As we reported, VLC 2.0 shipped last week. With it comes a new UI and experimental Blu-Ray support. Sadly, one of the changes with this release makes it impossible for third party applications to take advantage of VLC’s DVD decryption capability.
Starting with VLC 2.0, libdvdcss is no longer available as an individual dylib in the VLC application package, which means HandBrake can no longer use VLC’s libdvdcss for DVD decryption.
Unfortunately, that means that ripping DVDs in Handbrake is no longer as easy as dragging VLC.app and Handbrake.app into your /Applications folder. The good news is that there is a solution to this problem, and it’s really not that hard. If you run this installer from the VLC website, it will install a copy of the DVD decryption engine in a place where Handbrake can see it and use it. Once you run it once, you’re set.

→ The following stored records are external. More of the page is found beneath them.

lemma maximal_open_avoiding_filtered_irreducible:
  assumes filt: "filtered_family I Q" and sub: "\<forall>i\<in>I. Q i \<subseteq> topspace Y"
    and M: "openin Y M" "\<forall>i\<in>I. \<not> Q i \<subseteq> M"
    and max: "\<forall>V. openin Y V \<and> M \<subseteq> V \<and> (\<forall>i\<in>I. \<not> Q i \<subseteq> V) \<longrightarrow> V = M"
  shows "irreducible_closed Y (topspace Y - M)"
proof -
  let ?C = "topspace Y - M"
  have enlarge: "\<exists>i\<in>I. Q i \<subseteq> M \<union> (topspace Y - A)" if "closedin Y A" "\<not> ?C \<subseteq> A" for A
  proof (rule ccontr)
    assume "\<not> ?thesis"
    moreover have "openin Y (M \<union> (topspace Y - A))"
      using M(1) that(1) by (simp add: openin_Un openin_diff)
    ultimately have "M \<union> (topspace Y - A) = M"
      using max by blast
    with that(2) show False
      by blast
  qed
  obtain i where "i \<in> I"
    using filt by (auto simp: filtered_family_def)
  with sub M have "?C \<noteq> {}"
    by blast
  moreover have "?C \<subseteq> A \<or> ?C \<subseteq> B"
    if A: "closedin Y A" and B: "closedin Y B" and AB: "?C \<subseteq> A \<union> B" for A B
  proof (rule ccontr)
    assume "\<not> (?C \<subseteq> A \<or> ?C \<subseteq> B)"
    then obtain i j where "i \<in> I" "j \<in> I"
      "Q i \<subseteq> M \<union> (topspace Y - A)" "Q j \<subseteq> M \<union> (topspace Y - B)"
      using enlarge[OF A] enlarge[OF B] by blast
    moreover obtain k where "k \<in> I" "Q k \<subseteq> Q i \<inter> Q j"
      using filt \<open>i \<in> I\<close> \<open>j \<in> I\<close> unfolding filtered_family_def by blast
    moreover have "Q k \<subseteq> topspace Y"
      using sub \<open>k \<in> I\<close> by blast
    ultimately have "Q k \<subseteq> M"
      using AB by blast
    with \<open>k \<in> I\<close> M(2) show False
      by blast
  qed
  moreover have "closedin Y ?C"
    using M(1) by (simp add: closedin_diff)
  ultimately show ?thesis
    unfolding irreducible_closed_def by blast
qed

If you want to double check to see if it is installed properly, open Terminal.app, and paste in this line:
file /usr/lib/libdvdcss.2.dylib
If you see the following, it is installed correctly:
/usr/lib/libdvdcss.2.dylib: Mach-O universal binary with 2 architectures
/usr/lib/libdvdcss.2.dylib (for architecture i386): Mach-O dynamically linked shared library i386
/usr/lib/libdvdcss.2.dylib (for architecture x86_64): Mach-O 64-bit dynamically linked shared library x86_64
This hiccup just shows how good we’ve had it as Mac users. For so long, ripping your DVDs has been a fairly seamless process. If this is the extent of the hassle we have to go through to get our DVD content on our iPhones, iPads, and Apple TVs, so be it. The piper’s price is reasonable.